Sir Alexander Falconer Giles, KBE, CMG (16 September 1915 – 11 April 1989) was a British colonial administrator.

== Biography ==
The son of A. F. Giles, a lecturer in classical history at the University of Edinburgh, Alexander Giles was educated at The Edinburgh Academy, the University of Edinburgh, and Balliol College, Oxford, where he graduated with a BA. He was elected President of the Oxford Union for Michaelmas 1939, but did not hold office because of war service. Commissioned a second lieutenant in the Royal Scots in 1940, he was attached to the Royal West African Frontier Force in 1941 and the 81st (West African) Division in 1941. In 1945, he was Lieutenant-Colonel commanding the 5th Battalion, Gold Coast Regiment. For his war service, he was appointed a MBE and mentioned in despatches.

Giles joined the Colonial Service as a cadet in Tanganyika in 1947. From 1955 to 1961/2 he was Administrator of St Vincent and from 1962 to 1965 he was Resident Commissioner for Basutoland, the last holder of the post.

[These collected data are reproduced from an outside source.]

(* Let $q$ be a prime power and let $\mathcal{F}=(\mathcal{F}_1,\ldots,\mathcal{F}_r)$ be a flag on $\mathbb{F}_{q^n}$. Then $\mathrm{Stab}^+(\mathcal{F})$ is the best friend of $\mathcal{F}$ and it contains every friend $\mathbb{F}_{q^m}$ of $\mathcal{F}$. Moreover, if $1\in\mathcal{F}_1$, then $\mathbb{F}_{q^m}\subseteq\mathrm{Stab}^+(\mathcal{F})\subseteq\mathcal{F}_1$ for every friend $\mathbb{F}_{q^m}$ of $\mathcal{F}$.
   Context: A flag on $\mathbb{F}_{q^n}$ is a sequence $(\mathcal{F}_1,\ldots,\mathcal{F}_r)$ of $\mathbb{F}_q$-subspaces with $\{0\}\subsetneq\mathcal{F}_1\subsetneq\cdots\subsetneq\mathcal{F}_r\subsetneq\mathbb{F}_{q^n}$. For $\gamma\in\mathbb{F}_{q^n}^*$, $\mathcal{F}\gamma=(\mathcal{F}_1\gamma,\ldots,\mathcal{F}_r\gamma)$ with $\mathcal{U}\gamma=\{u\gamma:u\in\mathcal{U}\}$; $\mathrm{Stab}(\mathcal{F})=\{\gamma\in\mathbb{F}_{q^n}^*:\mathcal{F}\gamma=\mathcal{F}\}$, and $\mathrm{Stab}^+(\mathcal{F})$ is the smallest subfield of $\mathbb{F}_{q^n}$ containing $\mathbb{F}_q$ and $\mathrm{Stab}(\mathcal{F})$. A subfield $\mathbb{F}_{q^m}$ of $\mathbb{F}_{q^n}$ is a friend of $\mathcal{F}$ if every $\mathcal{F}_i$ is a vector space over $\mathbb{F}_{q^m}$; the best friend of $\mathcal{F}$ is its largest friend. *)

theory Defs
  imports Main "HOL-Computational_Algebra.Primes"
begin

text \<open>The ambient field F_{q^n} is the finite field UNIV of type 'a; the base
field F_q is a subfield K of it.\<close>

definition is_subfield :: "'a::field set \<Rightarrow> bool" where
  "is_subfield S \<longleftrightarrow> 0 \<in> S \<and> 1 \<in> S \<and>
     (\<forall>x\<in>S. \<forall>y\<in>S. x + y \<in> S \<and> x * y \<in> S) \<and>
     (\<forall>x\<in>S. - x \<in> S) \<and> (\<forall>x\<in>S. x \<noteq> 0 \<longrightarrow> inverse x \<in> S)"

definition is_subspace_over :: "'a::field set \<Rightarrow> 'a set \<Rightarrow> bool" where
  "is_subspace_over L U \<longleftrightarrow> 0 \<in> U \<and> (\<forall>x\<in>U. \<forall>y\<in>U. x + y \<in> U) \<and>
     (\<forall>c\<in>L. \<forall>x\<in>U. c * x \<in> U)"

definition is_flag :: "'a::field set \<Rightarrow> 'a set list \<Rightarrow> bool" where
  "is_flag K Fs \<longleftrightarrow> Fs \<noteq> [] \<and>
     (\<forall>i<length Fs. is_subspace_over K (Fs ! i)) \<and>
     {0} \<subset> Fs ! 0 \<and>
     (\<forall>i. Suc i < length Fs \<longrightarrow> Fs ! i \<subset> Fs ! Suc i) \<and>
     Fs ! (length Fs - 1) \<subset> UNIV"

definition set_scale :: "'a::field set \<Rightarrow> 'a \<Rightarrow> 'a set" where
  "set_scale U \<gamma> = (\<lambda>u. u * \<gamma>) ` U"

definition Stab :: "'a::field set list \<Rightarrow> 'a set" where
  "Stab Fs = {\<gamma>. \<gamma> \<noteq> 0 \<and> map (\<lambda>U. set_scale U \<gamma>) Fs = Fs}"

definition Stab_plus :: "'a::field set \<Rightarrow> 'a set list \<Rightarrow> 'a set" where
  "Stab_plus K Fs = \<Inter>{L. is_subfield L \<and> K \<subseteq> L \<and> Stab Fs \<subseteq> L}"

definition friend :: "'a::field set \<Rightarrow> 'a set list \<Rightarrow> 'a set \<Rightarrow> bool" where
  "friend K Fs L \<longleftrightarrow> is_subfield L \<and> K \<subseteq> L \<and>
     (\<forall>i<length Fs. is_subspace_over L (Fs ! i))"

definition best_friend :: "'a::{field,finite} set \<Rightarrow> 'a set list \<Rightarrow> 'a set \<Rightarrow> bool" where
  "best_friend K Fs L \<longleftrightarrow> friend K Fs L \<and> (\<forall>L'. friend K Fs L' \<longrightarrow> card L' \<le> card L)"

end

theory Submission
  imports Defs
begin

(* Let M be the set of all \<gamma> with \<gamma> F_i \<subseteq> F_i for every i. M contains F_q and is closed
   under the ring operations. Multiplication by a nonzero \<gamma> is injective, so on finite sets
   \<gamma> F_i \<subseteq> F_i already forces \<gamma> F_i = F_i. Hence M is a subfield (x M = M yields inverses),
   its nonzero elements are exactly Stab(F), and Stab+(F) = M. A subfield containing F_q is a
   friend iff it lies in M, so M is the largest friend; and if 1 \<in> F_1 then M = M 1 \<subseteq> F_1. *)

definition multipliers :: "'a::field set list \<Rightarrow> 'a set" where
  "multipliers Fs = {\<gamma>. \<forall>i<length Fs. \<forall>u\<in>Fs ! i. \<gamma> * u \<in> Fs ! i}"

lemma set_scale_eq_iff_mult_closed:
  fixes U :: "'a::field set"
  assumes "finite U" and "\<gamma> \<noteq> 0"
  shows "set_scale U \<gamma> = U \<longleftrightarrow> (\<forall>u\<in>U. \<gamma> * u \<in> U)"
proof
  assume "set_scale U \<gamma> = U"
  then show "\<forall>u\<in>U. \<gamma> * u \<in> U"
    unfolding set_scale_def by (metis imageI mult.commute)
next
  assume closed: "\<forall>u\<in>U. \<gamma> * u \<in> U"
  have "inj_on (\<lambda>u. u * \<gamma>) U" using assms(2) by (auto simp: inj_on_def)
  moreover have "(\<lambda>u. u * \<gamma>) ` U \<subseteq> U" using closed by (auto simp: mult.commute)
  ultimately show "set_scale U \<gamma> = U"
    unfolding set_scale_def using assms(1) by (simp add: endo_inj_surj)
qed

lemma Stab_eq_multipliers_minus_zero:
  fixes Fs :: "'a::{field,finite} set list"
  shows "Stab Fs = multipliers Fs - {0}"
proof -
  have "map (\<lambda>U. set_scale U \<gamma>) Fs = Fs \<longleftrightarrow> \<gamma> \<in> multipliers Fs" if "\<gamma> \<noteq> 0" for \<gamma>
    using set_scale_eq_iff_mult_closed[OF finite that]
    unfolding multipliers_def by (simp add: list_eq_iff_nth_eq)
  then show ?thesis unfolding Stab_def by blast
qed

lemma subset_multipliers_iff:
  "L \<subseteq> multipliers Fs \<longleftrightarrow> (\<forall>i<length Fs. \<forall>c\<in>L. \<forall>u\<in>Fs ! i. c * u \<in> Fs ! i)"
  unfolding multipliers_def by blast

lemma subset_multipliers_if_subspaces:
  assumes "\<forall>i<length Fs. is_subspace_over K (Fs ! i)"
  shows "K \<subseteq> multipliers Fs"
  using assms unfolding multipliers_def is_subspace_over_def by blast

lemma is_subfield_multipliers:
  fixes K :: "'a::{field,finite} set"
  assumes K: "is_subfield K" and subspaces: "\<forall>i<length Fs. is_subspace_over K (Fs ! i)"
  shows "is_subfield (multipliers Fs)"
proof -
  let ?M = "multipliers Fs"
  have zero: "0 \<in> ?M" and one: "1 \<in> ?M"
    using subspaces unfolding multipliers_def is_subspace_over_def by auto
  have add: "x + y \<in> ?M" if "x \<in> ?M" "y \<in> ?M" for x y
    using that subspaces unfolding multipliers_def is_subspace_over_def
    by (simp add: distrib_right)
  have mult: "x * y \<in> ?M" if "x \<in> ?M" "y \<in> ?M" for x y
    using that unfolding multipliers_def by (simp add: mult.assoc)
  have "- 1 \<in> K" using K unfolding is_subfield_def by blast
  then have "- 1 \<in> ?M" using subset_multipliers_if_subspaces[OF subspaces] by blast
  then have uminus: "- x \<in> ?M" if "x \<in> ?M" for x
    using mult[of "- 1" x] that by simp
  have inverse: "inverse x \<in> ?M" if "x \<in> ?M" "x \<noteq> 0" for x
  proof -
    have "set_scale ?M x = ?M"
      using mult \<open>x \<in> ?M\<close> by (simp add: set_scale_eq_iff_mult_closed[OF finite \<open>x \<noteq> 0\<close>])
    with one obtain u where "u \<in> ?M" "u * x = 1"
      unfolding set_scale_def by (metis imageE)
    moreover from \<open>u * x = 1\<close> have "inverse x = u"
      by (intro inverse_unique) (simp add: mult.commute)
    ultimately show ?thesis by simp
  qed
  show ?thesis unfolding is_subfield_def by (simp add: zero one add mult uminus inverse)
qed

lemma friend_iff_subset_multipliers:
  assumes "\<forall>i<length Fs. is_subspace_over K (Fs ! i)"
  shows "friend K Fs L \<longleftrightarrow> is_subfield L \<and> K \<subseteq> L \<and> L \<subseteq> multipliers Fs"
  using assms unfolding friend_def is_subspace_over_def subset_multipliers_iff by blast

lemma Stab_plus_eq_multipliers:
  fixes K :: "'a::{field,finite} set"
  assumes K: "is_subfield K" and subspaces: "\<forall>i<length Fs. is_subspace_over K (Fs ! i)"
  shows "Stab_plus K Fs = multipliers Fs"
proof
  show "Stab_plus K Fs \<subseteq> multipliers Fs"
    unfolding Stab_plus_def Stab_eq_multipliers_minus_zero
    using is_subfield_multipliers[OF K subspaces] subset_multipliers_if_subspaces[OF subspaces]
    by (intro Inter_lower) auto
  show "multipliers Fs \<subseteq> Stab_plus K Fs"
    unfolding Stab_plus_def
  proof (rule Inter_greatest)
    fix L assume "L \<in> {L. is_subfield L \<and> K \<subseteq> L \<and> Stab Fs \<subseteq> L}"
    then have "0 \<in> L" and "multipliers Fs - {0} \<subseteq> L"
      unfolding is_subfield_def Stab_eq_multipliers_minus_zero by auto
    then show "multipliers Fs \<subseteq> L" by blast
  qed
qed

lemma multipliers_subset_first:
  assumes "Fs \<noteq> []" and "1 \<in> Fs ! 0"
  shows "multipliers Fs \<subseteq> Fs ! 0"
proof
  fix \<gamma> assume "\<gamma> \<in> multipliers Fs"
  then have "\<gamma> * 1 \<in> Fs ! 0" using assms unfolding multipliers_def by blast
  then show "\<gamma> \<in> Fs ! 0" by simp
qed

lemma best_friend_if_greatest:
  fixes L :: "'a::{field,finite} set"
  assumes "friend K Fs L" and "\<forall>L'. friend K Fs L' \<longrightarrow> L' \<subseteq> L"
  shows "best_friend K Fs L"
  using assms unfolding best_friend_def by (simp add: card_mono)

theorem proposition3p16:
  fixes K :: "'a::{field,finite} set" and Fs :: "'a set list" and q n :: nat
  assumes "\<exists>p k. prime p \<and> k \<ge> 1 \<and> q = p ^ k" and "n \<ge> 1"
    and "is_subfield K" and "card K = q" and "card (UNIV :: 'a set) = q ^ n"
    and "is_flag K Fs"
  shows "best_friend K Fs (Stab_plus K Fs)
     \<and> (\<forall>L. friend K Fs L \<longrightarrow> L \<subseteq> Stab_plus K Fs)
     \<and> (1 \<in> Fs ! 0 \<longrightarrow> (\<forall>L. friend K Fs L \<longrightarrow> L \<subseteq> Stab_plus K Fs \<and> Stab_plus K Fs \<subseteq> Fs ! 0))"
proof -
  have subspaces: "\<forall>i<length Fs. is_subspace_over K (Fs ! i)" and "Fs \<noteq> []"
    using \<open>is_flag K Fs\<close> unfolding is_flag_def by auto
  have Stab_plus: "Stab_plus K Fs = multipliers Fs"
    using Stab_plus_eq_multipliers[OF \<open>is_subfield K\<close> subspaces] .
  have greatest: "\<forall>L. friend K Fs L \<longrightarrow> L \<subseteq> Stab_plus K Fs"
    unfolding Stab_plus friend_iff_subset_multipliers[OF subspaces] by blast
  have "friend K Fs (Stab_plus K Fs)"
    unfolding Stab_plus friend_iff_subset_multipliers[OF subspaces]
    using is_subfield_multipliers[OF \<open>is_subfield K\<close> subspaces]
      subset_multipliers_if_subspaces[OF subspaces] by blast
  then have "best_friend K Fs (Stab_plus K Fs)"
    using greatest by (rule best_friend_if_greatest)
  moreover have "1 \<in> Fs ! 0 \<longrightarrow> Stab_plus K Fs \<subseteq> Fs ! 0"
    unfolding Stab_plus using multipliers_subset_first[OF \<open>Fs \<noteq> []\<close>] by blast
  ultimately show ?thesis using greatest by blast
qed

end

From 1965 to the territory's independence as Lesotho in 1966, he was the British government representative in the territory.

After his retirement from the Colonial Service, he was chairman of the Victoria League in Scotland from 1968 to 1970, chairman of the Scottish Council of the Royal Over-Seas League from 1969 to 1970, and of its Central Council from 1972 to 1975. He was director of Toc H from 1968 to 1974, and general secretary for Scotland of the Royal Over-Seas League from 1976 to 1978.

=== Personal life ===
Giles married in 1953 Mrs M. E. Watson, daughter of Lieutenant-Colonel R. F. D. Burnett, MC, and widow of Lieutenant-Colonel J. L. Watson; they had two stepsons and one stepdaughter.